AC Coupling

An Eccentric Anomaly: Ed Davies's Blog

Most off-grid houses (and small boats) use DC coupling for the electrical system where power sources (PV panels, wind or water turbines, alternators, generators, etc) feed DC electricity to the battery via a charge controller. The DC from the battery is then either used as such or converted via an inverter to AC at normal household voltages for use.

A few, though, use AC coupling where the power sources feed their output as AC into the “mains” wiring to form a sort of mini-grid with the power flowing in and out of the batteries via an appropriate inverter which also acts as a charger.
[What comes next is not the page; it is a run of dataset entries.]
lemma psd_posterior_cov:
  fixes P :: "real^'n^'n" and C :: "real^'n^'p" and R :: "real^'p^'p"
  assumes "psd P" "pd R"
  shows "psd (posterior_cov P C R)"
proof -
  define S where "S = C ** P ** transpose C + R"
  have pdS: "pd S"
    unfolding S_def by (intro pd_psd_add psd_congruence assms)
  have tP: "transpose P = P" using assms(1) by (simp add: psd_def)
  have "transpose (matrix_inv S) = matrix_inv S"
    using pdS by (simp add: transpose_matrix_inv_symmetric pd_invertible pd_def)
  then have "transpose (posterior_cov P C R) = posterior_cov P C R"
    unfolding posterior_cov_def S_def[symmetric]
    by (simp add: transpose_diff matrix_transpose_mul tP matrix_mul_assoc)
  moreover have "0 \<le> x \<bullet> (posterior_cov P C R *v x)" for x
  proof -
    define y where "y = matrix_inv S *v (C *v (P *v x))"
    have "0 \<le> (x - transpose C *v y) \<bullet> (P *v (x - transpose C *v y)) + y \<bullet> (R *v y)"
      using assms by (simp add: psd_nonneg pd_imp_psd del: transpose_matrix_vector)
    then show ?thesis
      using posterior_cov_completing_square[OF assms, where x = x and w = y] unfolding S_def y_def by simp
  qed
  ultimately show ?thesis by (simp add: psd_def)
qed

lemma psd_riccati:
  assumes "psd P" "pd R" "psd Q"
  shows "psd (riccati A Q C R P)"
  unfolding riccati_posterior_cov
  by (intro psd_add psd_congruence psd_posterior_cov assms)

lemma inner_matrix_vector_sum:
  "x \<bullet> ((P::real^'n^'m) *v y) = (\<Sum>a\<in>UNIV. \<Sum>b\<in>UNIV. x$a * P$a$b * y$b)"
  by (simp add: inner_vec_def matrix_vector_mult_def sum_distrib_left mult.assoc)

lemma inner_axis_matrix_axis: "axis i t \<bullet> ((P::real^'n^'m) *v axis j s) = t * s * P$i$j"
  by (simp add: inner_axis' matrix_vector_mul_component inner_axis)

lemma psd_symmetric_entry: "psd P \<Longrightarrow> P$a$b = P$b$a"
  unfolding psd_def by (metis transpose_def vec_lambda_beta)

lemma psd_diag_nonneg: "psd P \<Longrightarrow> 0 \<le> P$i$i"
  using psd_nonneg[of P "axis i 1"] by (simp add: inner_axis_matrix_axis)

lemma psd_diag_eq_0_row:
  assumes "psd P" "P$i$i = 0"
  shows "P$i$j = 0"
proof (rule ccontr)
  assume ne: "P$i$j \<noteq> 0"
  define t where "t = - (P$j$j + 1) / (2 * P$i$j)"
  define v where "v = axis i t + axis j 1"
  have "v \<bullet> (P *v v) = t * t * P$i$i + t * P$i$j + t * P$j$i + P$j$j"
    unfolding v_def
    by (simp add: matrix_vector_right_distrib inner_add_left inner_add_right inner_axis_matrix_axis)
  also have "\<dots> = -1"
    using assms psd_symmetric_entry[OF assms(1), of j i] ne by (simp add: t_def field_simps)
  finally show False using psd_nonneg[OF assms(1), of v] by simp
qed

text \<open>One step of symmetric Gaussian elimination: subtracting the rank-one part of pivot i
  leaves a positive semidefinite matrix with a smaller set of nonzero diagonal entries.\<close>
lemma psd_pivot_step:
  fixes P :: "real^'n^'n"
  assumes "psd P" "0 < P$i$i"
  defines "P' \<equiv> \<chi> a b. P$a$b - P$i$a * P$i$b / P$i$i"
  shows "x \<bullet> (P *v x) = x \<bullet> (P' *v x) + ((P *v x)$i)\<^sup>2 / P$i$i"
    and "psd P'"
    and "{j. P'$j$j \<noteq> 0} \<subset> {j. P$j$j \<noteq> 0}"
proof -
  let ?d = "P$i$i"
  have quadratic: "x \<bullet> (P *v x) = x \<bullet> (P' *v x) + ((P *v x)$i)\<^sup>2 / ?d" for x
  proof -
    have "x \<bullet> (P' *v x) = (\<Sum>a\<in>UNIV. \<Sum>b\<in>UNIV. x$a * P$a$b * x$b)
        - (\<Sum>a\<in>UNIV. \<Sum>b\<in>UNIV. (P$i$a * x$a) * (P$i$b * x$b)) / ?d"
      unfolding inner_matrix_vector_sum P'_def
      by (simp add: sum_subtractf sum_divide_distrib algebra_simps)
    also have "(\<Sum>a\<in>UNIV. \<Sum>b\<in>UNIV. (P$i$a * x$a) * (P$i$b * x$b)) = ((P *v x)$i)\<^sup>2"
      by (simp add: matrix_vector_mult_def power2_eq_square sum_product)
    finally show ?thesis by (simp add: inner_matrix_vector_sum)
  qed
  then show "x \<bullet> (P *v x) = x \<bullet> (P' *v x) + ((P *v x)$i)\<^sup>2 / ?d" .
  have "transpose P' = P'"
    by (simp add: P'_def transpose_def vec_eq_iff) (metis psd_symmetric_entry[OF assms(1)] mult.commute)
  moreover have "0 \<le> x \<bullet> (P' *v x)" for x
  proof -
    define s where "s = (P *v x)$i"
    define t where "t = - s / ?d"
    have tP: "transpose P = P" using assms(1) by (simp add: psd_def)
    have "x \<bullet> (P *v axis i t) = t * s"
      using inner_matrix_vector_symmetric[OF tP, of x "axis i t"] by (simp add: inner_axis s_def)
    moreover have "axis i t \<bullet> (P *v x) = t * s" by (simp add: inner_axis' s_def)
    moreover have "axis i t \<bullet> (P *v axis i t) = t * t * ?d" by (rule inner_axis_matrix_axis)
    ultimately have "(x + axis i t) \<bullet> (P *v (x + axis i t)) = x \<bullet> (P *v x) + (2 * t * s + t * t * ?d)"
      by (simp only: matrix_vector_right_distrib inner_add_left inner_add_right)
    also have "2 * t * s + t * t * ?d = - s\<^sup>2 / ?d"
      using assms(2) by (simp add: t_def field_simps power2_eq_square)
    also have "x \<bullet> (P *v x) + - s\<^sup>2 / ?d = x \<bullet> (P' *v x)"
      using quadratic[of x] by (simp add: s_def)
    finally show ?thesis using psd_nonneg[OF assms(1), of "x + axis i t"] by simp
  qed
  ultimately show "psd P'" by (simp add: psd_def)
  have "P'$i$i = 0" using assms(2) by (simp add: P'_def power2_eq_square)
  moreover have "P'$j$j = 0" if "P$j$j = 0" for j
  proof -
    have "P$i$j = 0"
      using psd_diag_eq_0_row[OF assms(1) that, of i] psd_symmetric_entry[OF assms(1), of i j] by simp
    then show ?thesis using that by (simp add: P'_def)
  qed
  moreover have "P$i$i \<noteq> 0" using assms(2) by simp
  ultimately show "{j. P'$j$j \<noteq> 0} \<subset> {j. P$j$j \<noteq> 0}"
    by blast
qed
I'd assumed I'd just use DC coupling for my house but I'm gradually coming round to the idea of using mostly AC coupling. I'm not really clear about some of the details so here's a snapshot of my thinking to help make things a bit more concrete.
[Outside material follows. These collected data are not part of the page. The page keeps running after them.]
(* Let $\{S_{\mathbf a^{*[k]}},\,k\ge0\}$ be a local, bounded (i.e. $\sup_k\|S_{\mathbf a^{*[k]}}\|<\infty$) subdivision scheme that reproduces constants and satisfies Condition A. Then every local subdivision scheme $\{S_{\mathbf a^{[k]}},\,k\ge0\}$ that reproduces constants and is asymptotically similar to $\{S_{\mathbf a^{*[k]}},\,k\ge0\}$ (i.e. $\lim_{k\to\infty}\|\mathbf a^{[k]}-\mathbf a^{*[k]}\|=0$) also satisfies Condition A.
   Context: A subdivision scheme $\{S_{\mathbf a^{[k]}},\,k\ge0\}$ is given by finitely supported masks $\mathbf a^{[k]}=\{a^{[k]}_i\}_{i\in\mathbb Z}$ and operators $(S_{\mathbf a^{[k]}}\mathbf f)_i=\sum_{j\in\mathbb Z}a^{[k]}_{i-2j}f_j$ on $\mathbf f\in\mathbb R^{\mathbb Z}$. Local means: there is a positive integer $N$ with all masks supported in $[-N,N]$. Norms are sup-norms: $\|\mathbf a\|=\sup_i|a_i|$, and $\|S_{\mathbf a}\|=\max(\sum_i|a_{2i}|,\sum_i|a_{2i+1}|)$ (operator sup-norm). The scheme reproduces constants if $\sum_ia^{[k]}_{2i}=\sum_ia^{[k]}_{2i+1}=1$ for all $k$; then its difference scheme $\{S_{\mathbf q^{[k]}}\}$ has masks $q^{[k]}_i=\sum_{j\le i}(-1)^{i-j}a^{[k]}_j$. A scheme reproducing constants satisfies Condition A if there exist integers $K\ge0$, $n>0$ with $\sup_{k\ge K}\|S_{\mathbf q^{[k+n-1]}}\cdots S_{\mathbf q^{[k+1]}}S_{\mathbf q^{[k]}}\|<1$. *)

theory Defs
  imports "HOL-Analysis.Analysis"
begin

type_synonym mask = "int \<Rightarrow> real"
type_synonym seq = "int \<Rightarrow> real"

definition sub_op :: "mask \<Rightarrow> seq \<Rightarrow> seq" where
  "sub_op a f i = (\<Sum>j \<in> {j. a (i - 2*j) \<noteq> 0}. a (i - 2*j) * f j)"

definition local_scheme :: "(nat \<Rightarrow> mask) \<Rightarrow> bool" where
  "local_scheme a \<longleftrightarrow> (\<exists>N::int. N > 0 \<and> (\<forall>k i. \<bar>i\<bar> > N \<longrightarrow> a k i = 0))"

definition mask_norm :: "mask \<Rightarrow> real" where
  "mask_norm a = (SUP i. \<bar>a i\<bar>)"

text \<open>Norm of S_a: max of sums of absolute values of even / odd entries.\<close>
definition sub_norm :: "mask \<Rightarrow> real" where
  "sub_norm a = max (\<Sum>i \<in> {i. a (2*i) \<noteq> 0}. \<bar>a (2*i)\<bar>)
                    (\<Sum>i \<in> {i. a (2*i+1) \<noteq> 0}. \<bar>a (2*i+1)\<bar>)"

definition op_norm :: "(seq \<Rightarrow> seq) \<Rightarrow> ereal" where
  "op_norm T = (SUP f \<in> {f. \<forall>j. \<bar>f j\<bar> \<le> 1}. SUP i. ereal \<bar>T f i\<bar>)"

definition reproduces_constants :: "(nat \<Rightarrow> mask) \<Rightarrow> bool" where
  "reproduces_constants a \<longleftrightarrow>
     (\<forall>k. (\<Sum>i \<in> {i. a k (2*i) \<noteq> 0}. a k (2*i)) = 1 \<and>
          (\<Sum>i \<in> {i. a k (2*i+1) \<noteq> 0}. a k (2*i+1)) = 1)"

definition diff_mask :: "mask \<Rightarrow> mask" where
  "diff_mask a i = (\<Sum>j \<in> {j. j \<le> i \<and> a j \<noteq> 0}. (-1) ^ nat (i - j) * a j)"

fun sub_comp :: "(nat \<Rightarrow> mask) \<Rightarrow> nat \<Rightarrow> nat \<Rightarrow> seq \<Rightarrow> seq" where
  "sub_comp q k 0 = id"
| "sub_comp q k (Suc n) = sub_op (q (k + n)) \<circ> sub_comp q k n"

definition condition_A :: "(nat \<Rightarrow> mask) \<Rightarrow> bool" where
  "condition_A a \<longleftrightarrow> (\<exists>K n::nat. n > 0 \<and>
      (SUP k \<in> {K..}. op_norm (sub_comp (\<lambda>k. diff_mask (a k)) k n)) < 1)"

end

theory Submission
  imports Defs
begin

text \<open>
  For a local scheme reproducing constants, the difference masks are supported in the same
  window [-M, M] as the masks and depend linearly on them with Lipschitz constant 2M+1. Hence
  the difference masks of a scheme asymptotically similar to a bounded one are eventually
  uniformly bounded and uniformly close to those of the reference scheme. A telescoping
  estimate shows that an n-fold composite of subdivision operators moves by at most
  n C^n (2M+1) e when every mask moves by at most e, so the strict contraction bound of
  Condition A survives for all large levels.
\<close>

definition supported_in :: "mask \<Rightarrow> int \<Rightarrow> bool" where
  "supported_in a M \<longleftrightarrow> (\<forall>i. M < \<bar>i\<bar> \<longrightarrow> a i = 0)"

lemma supported_in_range: "supported_in a M \<Longrightarrow> a j \<noteq> 0 \<Longrightarrow> j \<in> {-M..M}"
  unfolding supported_in_def by (metis abs_le_iff atLeastAtMost_iff minus_le_iff not_less)

lemma finite_nonzero_supported: "supported_in a M \<Longrightarrow> finite {j. a j \<noteq> 0}"
  by (rule finite_subset[of _ "{-M..M}"]) (auto dest: supported_in_range)

subsection \<open>Subdivision operators with masks supported in a window\<close>

definition window :: "int \<Rightarrow> int \<Rightarrow> int set" where
  "window M i = {j. \<bar>i - 2*j\<bar> \<le> M}"

lemma finite_window: "finite (window M i)"
proof -
  have "window M i \<subseteq> (\<lambda>m. (i - m) div 2) ` {-M..M}"
  proof
    fix j assume "j \<in> window M i"
    then have "i - 2*j \<in> {-M..M}" "j = (i - (i - 2*j)) div 2" by (auto simp: window_def)
    then show "j \<in> (\<lambda>m. (i - m) div 2) ` {-M..M}" by blast
  qed
  then show ?thesis by (rule finite_subset) auto
qed

lemma sub_op_eq_window_sum:
  assumes "supported_in q M"
  shows "sub_op q f i = (\<Sum>j\<in>window M i. q (i - 2*j) * f j)"
  unfolding sub_op_def
proof (rule sum.mono_neutral_left[OF finite_window])
  show "{j. q (i - 2*j) \<noteq> 0} \<subseteq> window M i"
    using assms by (force simp: supported_in_def window_def)
qed auto

lemma abs_sub_op_le:
  assumes "M \<ge> 0" "supported_in q M" "\<forall>m. \<bar>q m\<bar> \<le> Qb" "\<forall>j. \<bar>f j\<bar> \<le> Fb"
  shows "\<bar>sub_op q f i\<bar> \<le> real_of_int (2*M+1) * Qb * Fb"
proof -
  have Fb: "Fb \<ge> 0" using assms(4) by (meson abs_ge_zero order_trans)
  have "(\<Sum>j\<in>window M i. \<bar>q (i - 2*j)\<bar>) = (\<Sum>m\<in>(\<lambda>j. i - 2*j) ` window M i. \<bar>q m\<bar>)"
    by (subst sum.reindex) (auto simp: inj_on_def)
  also have "\<dots> \<le> (\<Sum>m\<in>{-M..M}. \<bar>q m\<bar>)"
    by (rule sum_mono2) (auto simp: window_def)
  also have "\<dots> \<le> (\<Sum>m\<in>{-M..M}. Qb)" by (rule sum_mono) (simp add: assms(3))
  finally have mask_sum: "(\<Sum>j\<in>window M i. \<bar>q (i - 2*j)\<bar>) \<le> real_of_int (2*M+1) * Qb"
    using assms(1) by simp
  have "\<bar>sub_op q f i\<bar> \<le> (\<Sum>j\<in>window M i. \<bar>q (i - 2*j) * f j\<bar>)"
    unfolding sub_op_eq_window_sum[OF assms(2)] by (rule sum_abs)
  also have "\<dots> \<le> (\<Sum>j\<in>window M i. \<bar>q (i - 2*j)\<bar> * Fb)"
    by (rule sum_mono) (simp add: abs_mult assms(4) mult_left_mono)
  also have "\<dots> = (\<Sum>j\<in>window M i. \<bar>q (i - 2*j)\<bar>) * Fb" by (simp add: sum_distrib_right)
  also have "\<dots> \<le> real_of_int (2*M+1) * Qb * Fb" using mask_sum Fb by (rule mult_right_mono)
  finally show ?thesis .
qed

lemma sub_op_diff:
  assumes "supported_in q M" "supported_in q' M"
  shows "sub_op q f i - sub_op q' f' i = sub_op q (\<lambda>j. f j - f' j) i + sub_op (\<lambda>m. q m - q' m) f' i"
proof -
  have "supported_in (\<lambda>m. q m - q' m) M" using assms by (simp add: supported_in_def)
  then show ?thesis
    unfolding sub_op_eq_window_sum[OF assms(1)] sub_op_eq_window_sum[OF assms(2)]
      sub_op_eq_window_sum[OF \<open>supported_in (\<lambda>m. q m - q' m) M\<close>]
    by (simp add: sum_subtractf[symmetric] sum.distrib[symmetric] algebra_simps)
qed

lemma sub_comp_perturbation_bound:
  fixes q qs :: "nat \<Rightarrow> mask"
  assumes M: "M \<ge> 0"
    and supp_q: "\<forall>t. supported_in (q t) M" and supp_qs: "\<forall>t. supported_in (qs t) M"
    and bound_q: "\<forall>t\<ge>k. \<forall>m. \<bar>q t m\<bar> \<le> Qb" and bound_qs: "\<forall>t\<ge>k. \<forall>m. \<bar>qs t m\<bar> \<le> Qb"
    and close: "\<forall>t\<ge>k. \<forall>m. \<bar>q t m - qs t m\<bar> \<le> e"
    and C: "C = real_of_int (2*M+1) * Qb" "C \<ge> 1" and e: "e \<ge> 0"
    and f: "\<forall>j. \<bar>f j\<bar> \<le> 1"
  shows "\<forall>i. \<bar>sub_comp qs k n f i\<bar> \<le> C^n \<and>
     \<bar>sub_comp q k n f i - sub_comp qs k n f i\<bar> \<le> real n * C^n * (real_of_int (2*M+1) * e)"
proof (induction n)
  case 0
  then show ?case using f by simp
next
  case (Suc n)
  define W where "W = real_of_int (2*M+1)"
  have W: "W \<ge> 0" using M by (simp add: W_def)
  define g where "g = sub_comp q k n f"
  define gs where "gs = sub_comp qs k n f"
  have IH_bound: "\<forall>j. \<bar>gs j\<bar> \<le> C^n" and IH_diff: "\<forall>j. \<bar>g j - gs j\<bar> \<le> real n * C^n * (W * e)"
    using Suc by (auto simp: g_def gs_def W_def)
  have next_bound: "\<bar>sub_op (qs (k+n)) gs i\<bar> \<le> C^Suc n" for i
    using abs_sub_op_le[OF M, of "qs (k+n)" Qb gs "C^n" i] supp_qs bound_qs IH_bound C by auto
  have propagated: "\<bar>sub_op (q (k+n)) (\<lambda>j. g j - gs j) i\<bar> \<le> C * (real n * C^n * (W * e))" for i
    using abs_sub_op_le[OF M, of "q (k+n)" Qb "\<lambda>j. g j - gs j" "real n * C^n * (W * e)" i]
      supp_q bound_q IH_diff C by (auto simp: W_def)
  have supp_diff: "supported_in (\<lambda>m. q (k+n) m - qs (k+n) m) M"
    using supp_q supp_qs by (simp add: supported_in_def)
  have "\<bar>sub_op (\<lambda>m. q (k+n) m - qs (k+n) m) gs i\<bar> \<le> W * e * C^n" for i
    using abs_sub_op_le[OF M supp_diff, of e gs "C^n" i] close IH_bound by (auto simp: W_def)
  moreover have "W * e * C^n \<le> W * e * C^Suc n"
    using C(2) W e by (simp add: mult_left_mono)
  ultimately have fresh: "\<bar>sub_op (\<lambda>m. q (k+n) m - qs (k+n) m) gs i\<bar> \<le> W * e * C^Suc n" for i
    by (meson order_trans)
  show ?case
  proof
    fix i
    have "\<bar>sub_op (q (k+n)) g i - sub_op (qs (k+n)) gs i\<bar>
       \<le> C * (real n * C^n * (W * e)) + W * e * C^Suc n"
      unfolding sub_op_diff[OF supp_q[rule_format] supp_qs[rule_format]]
      using propagated[of i] fresh[of i] by linarith
    also have "\<dots> = real (Suc n) * C^Suc n * (W * e)" by (simp add: algebra_simps)
    finally show "\<bar>sub_comp qs k (Suc n) f i\<bar> \<le> C^Suc n \<and>
        \<bar>sub_comp q k (Suc n) f i - sub_comp qs k (Suc n) f i\<bar>
          \<le> real (Suc n) * C^Suc n * (real_of_int (2*M+1) * e)"
      using next_bound[of i] by (simp add: g_def gs_def W_def)
  qed
qed

lemma op_norm_le_add:
  assumes "\<forall>f. (\<forall>j. \<bar>f j\<bar> \<le> 1) \<longrightarrow> (\<forall>i. \<bar>T f i\<bar> \<le> \<bar>T' f i\<bar> + \<delta>)"
  shows "op_norm T \<le> op_norm T' + ereal \<delta>"
proof -
  have "ereal \<bar>T f i\<bar> \<le> op_norm T' + ereal \<delta>" if f: "\<forall>j. \<bar>f j\<bar> \<le> 1" for f i
  proof -
    have "ereal \<bar>T' f i\<bar> \<le> op_norm T'" unfolding op_norm_def
      by (rule SUP_upper2[of f]) (use f in \<open>auto intro: SUP_upper\<close>)
    then have "ereal \<bar>T' f i\<bar> + ereal \<delta> \<le> op_norm T' + ereal \<delta>" by (rule add_right_mono)
    moreover have "ereal \<bar>T f i\<bar> \<le> ereal \<bar>T' f i\<bar> + ereal \<delta>" using assms f by auto
    ultimately show ?thesis by (rule order_trans[rotated])
  qed
  then show ?thesis unfolding op_norm_def[of T] by (auto intro!: SUP_least)
qed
Note that I'm writing purely about off-grid systems here. On-grid AC coupling is actually more common but a different matter for both practical and legal/regulatory considerations.

AC vs DC coupling

The general scheme with DC coupling is that harvested power from the PV panels or whatever are fed, via a charge controller, directly to the battery. The charge controller's primary responsibility is to limit the current into the battery so that it is not overcharged. Typically it will also convert the voltage and current from the source to suitable levels for the battery so that the power transfer is maximised.

The battery-based inverter (BBI) then converts the DC from the battery to “mains” levels (typically 230 V, 50 Hz, AC in Europe) to feed normal household wiring.

PV panel(s) or other power source. Charge controller Battery Grid-tie inverter Battery-based inverter Breaker box (“consumer unit”) Household loads AC “mains” supply to household loads DC Coupling PV array output: generally less than 150 (or sometimes 250) V DC. Charge controller output: battery voltage, typically 12, 24 or 48 V DC nominal. Battery output, typically 12, 24 or 48 V DC nominal. Inverter output, typically 230 V AC in Europe.

DC power flows are shown in blue, AC flows in red. Hover over the various boxes and lines for labels if they're not clear.

For AC coupling, however, the power sources are connected to grid-tie inverters (GTIs), of the same sort connected to the supply of on-grid houses, via breakers in the normal household breaker box. Some of this power can be used directly within the house, any excess can flow “backwards” through the battery-based inverter to charge the battery.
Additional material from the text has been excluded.